The people who live in this world can be dangerous, too. Although most people have no intent to harm, there are plenty who want to rob, rape, and even kill. Some of these people become world leaders which enables them to marshal resources to kill on a massive scale through warfare. Nations in this world, today, are at war or preparing for war. Innocent people will die because they were conscripted against their will into some man’s army or because that army will attack them and destroy their homes.

This is the world we live in. We feel secure most of the time, but that security is an illusion. If we paid attention to all the ways we could die, it would greatly increase our fears.

Psalm 46 invites us to contemplate a different world. It calls us to trust in God as “our refuge and strength” the one who is “ever-present” to help us in time of trouble (v. 1). This kind of faith gives us confidence, not fear, no matter what disasters happen around us (vv. 2-3).

But the world that the Psalmist envisions here in Psalm 46 is not a present reality yet. When God dwells in Jerusalem on earth (vv. 4-6), then we will see him protect us (vv. 7, 11), stop the natural disasters that kill (v. 8) and the wars that claim so many lives (v. 9). Instead, he will command the nations, “Be still, and know that I am God; I will be exalted among the nations, I will be exalted in the earth” (v. 10).
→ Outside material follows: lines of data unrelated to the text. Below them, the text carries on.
(* Let $d\ge1$, $n\ge3$ and $\lambda\in\mathcal{P}(d,n)$. Then $\lambda\in\mathcal{R}(d,n)$ if and only if the trivial representation of the subgroup $\langle s_1,s_2\rangle\cong\mathfrak{S}_3$ of $G(d,1,n)$ is not a direct summand of $\mathrm{Res}^{G(d,1,n)}_{\langle s_1,s_2\rangle}(E^\lambda)$.
   Context: Let $d,n\ge1$ be integers and $u$ an indeterminate. The Yokonuma–Hecke algebra $\mathrm{Y}_{d,n}(u)$ is the associative $\mathbb{C}[u,u^{-1}]$-algebra generated by $g_1,\dots,g_{n-1},t_1,\dots,t_n$ subject to: $g_ig_j=g_jg_i$ for $|i-j|>1$; $g_ig_{i+1}g_i=g_{i+1}g_ig_{i+1}$ for $1\le i\le n-2$; $t_it_j=t_jt_i$ for all $i,j$; $t_jg_i=g_it_{s_i(j)}$ for all $i,j$, where $s_i$ is the transposition $(i,i+1)$; $t_j^d=1$ for all $j$; and $g_i^2=1+(u-1)e_i+(u-1)e_ig_i$, where $e_i=\frac1d\sum_{s=0}^{d-1}t_i^st_{i+1}^{-s}$. For $n\ge3$, the Yokonuma–Temperley–Lieb algebra $\mathrm{YTL}_{d,n}(u)$ is the quotient of $\mathrm{Y}_{d,n}(u)$ by the two-sided ideal generated by the elements $g_ig_{i+1}g_i+g_ig_{i+1}+g_{i+1}g_i+g_i+g_{i+1}+1$, $1\le i\le n-2$. For a $\mathbb{C}[u,u^{-1}]$-algebra $B$, write $\mathbb{C}(u)B=\mathbb{C}(u)\otimes_{\mathbb{C}[u,u^{-1}]}B$. A $d$-partition of $n$ is a $d$-tuple $\lambda=(\lambda^{(0)},\dots,\lambda^{(d-1)})$ of partitions whose sizes sum to $n$; $\mathcal{P}(d,n)$ denotes the set of them. Let $G(d,1,n)=(\mathbb{Z}/d\mathbb{Z})^n\rtimes\mathfrak{S}_n$, with $s_i\in\mathfrak S_n\subset G(d,1,n)$ the transposition $(i,i+1)$. Its irreducible complex representations $E^\lambda$, $\lambda\in\mathcal P(d,n)$, are labelled in the standard (Specht) way: with $k_i=|\lambda^{(i)}|$, $E^\lambda$ is induced from $\prod_{i=0}^{d-1}G(d,1,k_i)$ of the outer tensor product whose $i$-th factor is the representation on which each coordinate of $(\mathbb Z/d\mathbb Z)^{k_i}$ acts by the character sending a generator to $\xi^i$ ($\xi$ a fixed primitive $d$-th root of unity) and $\mathfrak{S}_{k_i}$ acts through the Specht module of $\lambda^{(i)}$. The algebra $\mathbb{C}(u)\mathrm{Y}_{d,n}(u)$ is split semisimple with irreducible representations $\rho^\lambda$, $\lambda\in\mathcal P(d,n)$, where $\rho^\lambda$ specializes at $u=1$ to $E^\lambda$. Let $\mathcal{R}(d,n)$ be the set of $\lambda\in\mathcal P(d,n)$ such that $\rho^\lambda(g_1g_2g_1+g_1g_2+g_2g_1+g_1+g_2+1)=0$; equivalently the $\rho^\lambda$ with $\lambda\in\mathcal R(d,n)$ are exactly the irreducible representations of $\mathbb{C}(u)\mathrm{YTL}_{d,n}(u)$. *)

theory Defs
  imports Complex_Main "Jordan_Normal_Form.Matrix" "HOL-Computational_Algebra.Fraction_Field"
    "HOL-Computational_Algebra.Polynomial" "HOL-Combinatorics.Permutations"
begin

definition is_partition :: "nat list \<Rightarrow> bool" where
  "is_partition p \<longleftrightarrow> sorted_wrt (\<ge>) p \<and> (\<forall>x\<in>set p. 0 < x)"

definition dpartitions :: "nat \<Rightarrow> nat \<Rightarrow> (nat \<Rightarrow> nat list) set" where
  "dpartitions d n = {lam. (\<forall>i<d. is_partition (lam i)) \<and> (\<forall>i\<ge>d. lam i = [])
      \<and> (\<Sum>i<d. sum_list (lam i)) = n}"

text \<open>An element (a, sigma) stands for t_1^(a 1) ... t_n^(a n) sigma, where
  sigma t_j sigma^(-1) = t_(sigma j).  Positions are 1..n.\<close>
type_synonym gelt = "(nat \<Rightarrow> nat) \<times> (nat \<Rightarrow> nat)"

definition Gset :: "nat \<Rightarrow> nat \<Rightarrow> gelt set" where
  "Gset d n = {(a, \<sigma>). (\<forall>j. (j \<in> {1..n} \<longrightarrow> a j < d) \<and> (j \<notin> {1..n} \<longrightarrow> a j = 0))
                      \<and> \<sigma> permutes {1..n}}"

definition gmul :: "nat \<Rightarrow> gelt \<Rightarrow> gelt \<Rightarrow> gelt" where
  "gmul d x y = ((\<lambda>k. (fst x k + fst y (inv_into UNIV (snd x) k)) mod d), snd x \<circ> snd y)"

definition gT :: "nat \<Rightarrow> nat \<Rightarrow> gelt" where
  "gT d j = ((\<lambda>k. if k = j then 1 mod d else 0), id)"

definition gS :: "nat \<Rightarrow> gelt" where
  "gS i = ((\<lambda>k. 0), Transposition.transpose i (Suc i))"

definition gconv :: "nat \<Rightarrow> nat \<Rightarrow> (gelt \<Rightarrow> complex) \<Rightarrow> (gelt \<Rightarrow> complex) \<Rightarrow> gelt \<Rightarrow> complex" where
  "gconv d n f h = (\<lambda>x. \<Sum>(y,z) \<in> {(y,z). y \<in> Gset d n \<and> z \<in> Gset d n \<and> gmul d y z = x}. f y * h z)"

definition gdelta :: "gelt \<Rightarrow> gelt \<Rightarrow> complex" where
  "gdelta g = (\<lambda>x. if x = g then 1 else 0)"

definition galg :: "nat \<Rightarrow> nat \<Rightarrow> (gelt \<Rightarrow> complex) set" where
  "galg d n = {f. \<forall>x. x \<notin> Gset d n \<longrightarrow> f x = 0}"

definition gact :: "nat \<Rightarrow> nat \<Rightarrow> gelt \<Rightarrow> (gelt \<Rightarrow> complex) \<Rightarrow> gelt \<Rightarrow> complex" where
  "gact d n g f = gconv d n (gdelta g) f"

definition offs :: "(nat \<Rightarrow> nat list) \<Rightarrow> nat \<Rightarrow> nat" where
  "offs lam i = (\<Sum>l<i. sum_list (lam l))"

text \<open>Entry of the standard multitableau: component i, row r, column c (0-based), filled row by row.\<close>
definition tentry :: "(nat \<Rightarrow> nat list) \<Rightarrow> nat \<Rightarrow> nat \<Rightarrow> nat \<Rightarrow> nat" where
  "tentry lam i r c = offs lam i + sum_list (take r (lam i)) + c + 1"

definition rowset :: "(nat \<Rightarrow> nat list) \<Rightarrow> nat \<Rightarrow> nat \<Rightarrow> nat set" where
  "rowset lam i r = {tentry lam i r c | c. c < lam i ! r}"

definition colset :: "(nat \<Rightarrow> nat list) \<Rightarrow> nat \<Rightarrow> nat \<Rightarrow> nat set" where
  "colset lam i c = {tentry lam i r c | r. r < length (lam i) \<and> c < lam i ! r}"
lemma supp_gen_sub_one: "supp (gen_sub_one i) = {[(i, False)], []}"
  by (auto simp: supp_def rsub_def gel_def rone_def gen_def)

definition right_diff :: "(word \<Rightarrow> int) \<Rightarrow> nat \<Rightarrow> word \<Rightarrow> int" where
  "right_diff \<phi> i v = \<phi> (gmul v (gen i)) - \<phi> v"

lemma linext_rmul_gen_sub_one:
  assumes "a \<in> ZF n"
  shows "linext \<phi> (rmul a (gen_sub_one i)) = linext (right_diff \<phi> i) a"
proof -
  have fa: "finite (supp a)" using assms by (simp add: ZF_def)
  have fb: "finite (supp (gen_sub_one i))" by (simp add: supp_gen_sub_one)
  have "linext \<phi> (rmul a (gen_sub_one i)) =
      (\<Sum>u\<in>supp a. \<Sum>v\<in>{[(i, False)], []}. a u * gen_sub_one i v * \<phi> (gmul u v))"
    unfolding linext_rmul[OF fa fb] supp_gen_sub_one by (rule sum.cartesian_product[symmetric])
  also have "\<dots> = (\<Sum>u\<in>supp a. a u * right_diff \<phi> i u)"
    by (rule sum.cong[OF refl])
      (auto simp: rsub_def gel_def rone_def gen_def gmul_def right_diff_def algebra_simps
        fred_reduced ZF_supp_reduced[OF assms])
  finally show ?thesis by (simp add: linext_def)
qed

lemma linext_fox_expansion:
  assumes "\<forall>i<n. d i \<in> ZF n"
  shows "linext \<phi> (rsum n (\<lambda>i. rmul (d i) (gen_sub_one i))) = (\<Sum>i<n. linext (right_diff \<phi> i) (d i))"
proof -
  have "\<forall>i<n. finite (supp (rmul (d i) (gen_sub_one i)))"
    using assms by (simp add: finite_supp_rmul supp_gen_sub_one ZF_def)
  then show ?thesis
    using assms by (auto simp: linext_rsum intro!: sum.cong linext_rmul_gen_sub_one)
qed
(* Let $m\mid n$ be positive integers, $q$ a primitive $m$-th root of unity, $\alpha\in\mathbb{C}$, and fix a primitive $n$-th root of unity $\zeta$ with $\zeta^{n/m}=q$. Let $T=T(n,m,\alpha)$. (i) Suppose $A$ is a central simple algebra which is a $T$-module algebra. Let $A=\bigoplus_{i\in\mathbb{Z}/n\mathbb{Z}}A_i$ be the decomposition into eigenspaces for $g$, where $g$ acts on $A_i$ by $\zeta^i$, and write $|a|=i$ for $a\in A_i$. Then there exists $c\in A_{n/m}$ such that $x\cdot a=ca-\zeta^{|a|}ac$ for every homogeneous $a\in A$, and this $c$ satisfies $c^ma-\zeta^{m|a|}ac^m=\alpha(1-\zeta^{m|a|})a$ for every homogeneous $a\in A$. (ii) Conversely, let $A=\bigoplus_{i\in\mathbb{Z}/n\mathbb{Z}}A_i$ be a $\mathbb{Z}/n\mathbb{Z}$-graded central simple division algebra and let $c\in A_{n/m}$ satisfy $c^ma-\zeta^{m|a|}ac^m=\alpha(1-\zeta^{m|a|})a$ for each homogeneous $a\in A$. Then there is a unique action of $T$ on $A$ with $g\cdot a=\zeta^{|a|}a$ and $x\cdot a=ca-\zeta^{|a|}ac$ for homogeneous $a$, and this action makes $A$ a $T$-module algebra.
   Context: For positive integers $m\mid n$, a primitive $m$-th root of unity $q$, and $\alpha\in\mathbb{C}$, the generalized Taft algebra is the Hopf algebra $T(n,m,\alpha)=\mathbb{C}\langle x,g\rangle/(x^m-\alpha(1-g^m),\ g^n-1,\ gxg^{-1}-qx)$ with $g$ grouplike and $\Delta(x)=x\otimes 1+g\otimes x$. A central simple algebra is a simple algebra finite-dimensional over its center. A $T$-module algebra is an algebra $A$ with a $T$-module structure satisfying $h\cdot(ab)=(h_1\cdot a)(h_2\cdot b)$, $h\cdot 1=\epsilon(h)1$; in particular $g$ acts by an algebra automorphism, so the eigenspace decomposition is an algebra grading. *)

theory Defs
  imports Complex_Main
begin

text \<open>A complex algebra: a unital ring together with a unital ring homomorphism
  from the complex numbers into its centre; scalar multiplication by z is
  left multiplication by iota z.\<close>
definition complex_algebra :: "(complex \<Rightarrow> 'a::ring_1) \<Rightarrow> bool" where
  "complex_algebra \<iota> \<longleftrightarrow>
     \<iota> 1 = 1 \<and> (\<forall>z w. \<iota> (z + w) = \<iota> z + \<iota> w) \<and> (\<forall>z w. \<iota> (z * w) = \<iota> z * \<iota> w)
     \<and> (\<forall>z a. \<iota> z * a = a * \<iota> z)"

definition centre :: "'a::ring_1 set" where
  "centre = {z. \<forall>a. z * a = a * z}"

definition two_sided_ideal :: "'a::ring_1 set \<Rightarrow> bool" where
  "two_sided_ideal I \<longleftrightarrow> 0 \<in> I \<and> (\<forall>a\<in>I. \<forall>b\<in>I. a + b \<in> I) \<and> (\<forall>a\<in>I. - a \<in> I)
     \<and> (\<forall>a\<in>I. \<forall>r. r * a \<in> I \<and> a * r \<in> I)"

definition simple_ring :: "'a::ring_1 itself \<Rightarrow> bool" where
  "simple_ring _ \<longleftrightarrow> (1::'a) \<noteq> 0 \<and>
     (\<forall>I::'a set. two_sided_ideal I \<longrightarrow> I = {0} \<or> I = UNIV)"

definition central_simple :: "'a::ring_1 itself \<Rightarrow> bool" where
  "central_simple T \<longleftrightarrow> simple_ring T \<and>
     (\<exists>B::'a set. finite B \<and>
        (\<forall>a. \<exists>f. (\<forall>b\<in>B. f b \<in> centre) \<and> a = (\<Sum>b\<in>B. f b * b)))"

definition division_ring_pred :: "'a::ring_1 itself \<Rightarrow> bool" where
  "division_ring_pred _ \<longleftrightarrow> (1::'a) \<noteq> 0 \<and> (\<forall>a::'a. a \<noteq> 0 \<longrightarrow> (\<exists>b. a * b = 1 \<and> b * a = 1))"

definition primitive_root_of_unity :: "nat \<Rightarrow> complex \<Rightarrow> bool" where
  "primitive_root_of_unity k z \<longleftrightarrow> z ^ k = 1 \<and> (\<forall>j. 0 < j \<and> j < k \<longrightarrow> z ^ j \<noteq> 1)"

definition c_linear :: "(complex \<Rightarrow> 'a::ring_1) \<Rightarrow> ('a \<Rightarrow> 'a) \<Rightarrow> bool" where
  "c_linear \<iota> f \<longleftrightarrow> (\<forall>a b. f (a + b) = f a + f b) \<and> (\<forall>z a. f (\<iota> z * a) = \<iota> z * f a)"

text \<open>A module over the generalized Taft algebra T(n,m,alpha) (with parameter q),
  given by the actions G of g and X of x: C-linear maps satisfying the defining
  relations x^m = alpha(1 - g^m), g^n = 1, g x g^{-1} = q x.\<close>
definition taft_module ::
  "(complex \<Rightarrow> 'a::ring_1) \<Rightarrow> nat \<Rightarrow> nat \<Rightarrow> complex \<Rightarrow> complex \<Rightarrow> ('a \<Rightarrow> 'a) \<Rightarrow> ('a \<Rightarrow> 'a) \<Rightarrow> bool" where
  "taft_module \<iota> n m \<alpha> q G X \<longleftrightarrow> c_linear \<iota> G \<and> c_linear \<iota> X
     \<and> (\<forall>a. (X ^^ m) a = \<iota> \<alpha> * (a - (G ^^ m) a))
     \<and> (\<forall>a. (G ^^ n) a = a)
     \<and> (\<forall>a. G (X a) = \<iota> q * X (G a))"
definition UPB :: "(nat \<Rightarrow> nat) \<Rightarrow> nat \<Rightarrow> nat \<Rightarrow> (nat \<Rightarrow> vec) \<Rightarrow> bool" where
  "UPB d m n \<psi> \<longleftrightarrow> product_basis d m n \<psi> \<and>
     \<not> (\<exists>v. product_state d m v \<and> (\<forall>j<n. inner d m (\<psi> j) v = 0))"

definition psd :: "(nat \<Rightarrow> nat) \<Rightarrow> nat \<Rightarrow> op \<Rightarrow> bool" where
  "psd d m M \<longleftrightarrow> (\<forall>v :: vec.
     let q = (\<Sum>x\<in>idx d m. \<Sum>y\<in>idx d m. cnj (v x) * M x y * v y) in Im q = 0 \<and> Re q \<ge> 0)"

definition trace :: "(nat \<Rightarrow> nat) \<Rightarrow> nat \<Rightarrow> op \<Rightarrow> complex" where
  "trace d m M = (\<Sum>x\<in>idx d m. M x x)"

definition density_matrix :: "(nat \<Rightarrow> nat) \<Rightarrow> nat \<Rightarrow> op \<Rightarrow> bool" where
  "density_matrix d m \<rho> \<longleftrightarrow> psd d m \<rho> \<and> trace d m \<rho> = 1"

definition separable :: "(nat \<Rightarrow> nat) \<Rightarrow> nat \<Rightarrow> op \<Rightarrow> bool" where
  "separable d m \<rho> \<longleftrightarrow>
     (\<exists>(k::nat) (p :: nat \<Rightarrow> real) (\<phi> :: nat \<Rightarrow> vec).
        (\<forall>l<k. p l \<ge> 0 \<and> product_state d m (\<phi> l) \<and> inner d m (\<phi> l) (\<phi> l) = 1) \<and>
        (\<Sum>l<k. p l) = 1 \<and>
        (\<forall>x\<in>idx d m. \<forall>y\<in>idx d m. \<rho> x y = (\<Sum>l<k. complex_of_real (p l) * \<phi> l x * cnj (\<phi> l y))))"

definition entangled :: "(nat \<Rightarrow> nat) \<Rightarrow> nat \<Rightarrow> op \<Rightarrow> bool" where
  "entangled d m \<rho> \<longleftrightarrow> density_matrix d m \<rho> \<and> \<not> separable d m \<rho>"

text \<open>Partial transpose w.r.t. the bipartition A | B (B = parties not in A):
  the transpose is applied to the B factor.\<close>
definition mix :: "nat set \<Rightarrow> (nat \<Rightarrow> nat) \<Rightarrow> (nat \<Rightarrow> nat) \<Rightarrow> (nat \<Rightarrow> nat)" where
  "mix A x y = (\<lambda>i. if i \<in> A then x i else y i)"

definition partial_transpose :: "nat set \<Rightarrow> op \<Rightarrow> op" where
  "partial_transpose A \<rho> = (\<lambda>x y. \<rho> (mix A x y) (mix A y x))"

definition PPT_all_bipartitions :: "(nat \<Rightarrow> nat) \<Rightarrow> nat \<Rightarrow> op \<Rightarrow> bool" where
  "PPT_all_bipartitions d m \<rho> \<longleftrightarrow>
     (\<forall>A. A \<noteq> {} \<and> A \<subset> {..<m} \<longrightarrow> psd d m (partial_transpose A \<rho>))"

definition upb_state :: "(nat \<Rightarrow> nat) \<Rightarrow> nat \<Rightarrow> nat \<Rightarrow> (nat \<Rightarrow> vec) \<Rightarrow> op" where
  "upb_state d m n \<psi> = (\<lambda>x y. ((if x = y then 1 else 0) - (\<Sum>j<n. \<psi> j x * cnj (\<psi> j y)))
                              / of_nat (total_dim d m - n))"

end

theory Submission
  imports Defs
begin

text \<open>By Bessel's identity the quadratic form of the state at v is the squared norm of the
  component of v orthogonal to the psi_j, divided by D - n; so the state is positive and vanishes
  on every psi_j, and its trace is one because an orthonormal family that does not span has fewer
  than D members. A product state occurring with positive weight in a separable decomposition
  would therefore be orthogonal to all psi_j, which unextendibility forbids. For positivity of
  the partial transpose, note that partially transposing the projector onto a product vector
  gives the projector onto the product vector with the factors of the transposed parties complex
  conjugated. Conjugating factors only conjugates the factorwise inner products, so the new
  vectors are again orthonormal, and the partial transpose of the state is a state of the same
  form.\<close>

lemma bij_betw_idx_Suc:
  "bij_betw (\<lambda>(x, a). x(m := a)) (idx d m \<times> {..<d m}) (idx d (Suc m))"
  by (rule bij_betw_byWitness [where f' = "\<lambda>y. (y(m := 0), y m)"])
    (auto simp: idx_def less_Suc_eq fun_eq_iff)

lemma finite_idx: "finite (idx d m)"
proof (induction m)
  case 0
  have "idx d 0 = {\<lambda>i. 0}" by (auto simp: idx_def)
  then show ?case by simp
next
  case (Suc m)
  then show ?case using bij_betw_finite[OF bij_betw_idx_Suc] by blast
qed

lemma sum_idx_prod:
  fixes f :: "nat \<Rightarrow> nat \<Rightarrow> 'a::comm_semiring_1"
  shows "(\<Sum>x\<in>idx d m. \<Prod>i<m. f i (x i)) = (\<Prod>i<m. \<Sum>a<d i. f i a)"
proof (induction m)
  case 0
  have "idx d 0 = {\<lambda>i. 0}" by (auto simp: idx_def)
  then show ?case by simp
next
  case (Suc m)
  have "(\<Sum>y\<in>idx d (Suc m). \<Prod>i<Suc m. f i (y i))
      = (\<Sum>p\<in>idx d m \<times> {..<d m}. \<Prod>i<Suc m. f i (((\<lambda>(x, a). x(m := a)) p) i))"
    by (rule sum.reindex_bij_betw[OF bij_betw_idx_Suc, symmetric])
  also have "\<dots> = (\<Sum>(x, a)\<in>idx d m \<times> {..<d m}. (\<Prod>i<m. f i (x i)) * f m a)"
    by (intro sum.cong refl) (auto intro!: prod.cong)
  also have "\<dots> = (\<Sum>x\<in>idx d m. \<Prod>i<m. f i (x i)) * (\<Sum>a<d m. f m a)"
    by (simp add: sum.cartesian_product[symmetric] sum_product)
  finally show ?case by (simp add: Suc.IH)
qed

lemma inner_cong:
  assumes "\<And>x. x \<in> idx d m \<Longrightarrow> u x = u' x" and "\<And>x. x \<in> idx d m \<Longrightarrow> v x = v' x"
  shows "inner d m u v = inner d m u' v'"
  unfolding inner_def using assms by (simp cong: sum.cong)

lemma inner_commute: "cnj (inner d m u v) = inner d m v u"
  unfolding inner_def by (simp add: mult.commute)

lemma inner_sum_right:
  "inner d m u (\<lambda>x. \<Sum>j<n. c j * w j x) = (\<Sum>j<n. c j * inner d m u (w j))"
  unfolding inner_def sum_distrib_left by (subst sum.swap) (simp add: mult.left_commute)

lemma inner_sum_left:
  "inner d m (\<lambda>x. \<Sum>j<n. c j * w j x) u = (\<Sum>j<n. cnj (c j) * inner d m (w j) u)"
proof -
  have "inner d m (\<lambda>x. \<Sum>j<n. c j * w j x) u = cnj (inner d m u (\<lambda>x. \<Sum>j<n. c j * w j x))"
    by (simp only: inner_commute)
  then show ?thesis by (simp add: inner_sum_right inner_commute)
qed

lemma inner_diff_right: "inner d m u (\<lambda>x. v x - w x) = inner d m u v - inner d m u w"
  unfolding inner_def by (simp add: algebra_simps sum_subtractf)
The vision of life presented in this song won’t happen until Jesus reigns on earth in his kingdom. When his kingdom has superseded all the kingdoms of this earth, when he has defeated his enemies, then there will be peace, prosperity, joy, and eternal life. But better than all of those benefits is the opportunity to know God (v. 10a). Everyone will know him and we will all worship him (“I will be exalted”).

This is the hope that God’s word sets before us believers while we live on this earth. We are citizens of that kingdom but in exile for now until he fully establishes that kingdom on earth. While we wait, Jesus gave us to the gospel to call people all over the world to know the Lord, worship the Lord, and wait for that coming kingdom with us.

If you are harassed, feeling helpless, discouraged by the problems of this world and wondering why life has to be so hard, be encouraged. Things are a mess because the rebellion against the true Lord of this earth has not been defeated yet. But, when that kingdom comes, the joys and pleasures of worshipping the Lord in it will far outweigh the problems we lived through to get there. So don’t give up your faith; it will be rewarded when the king comes.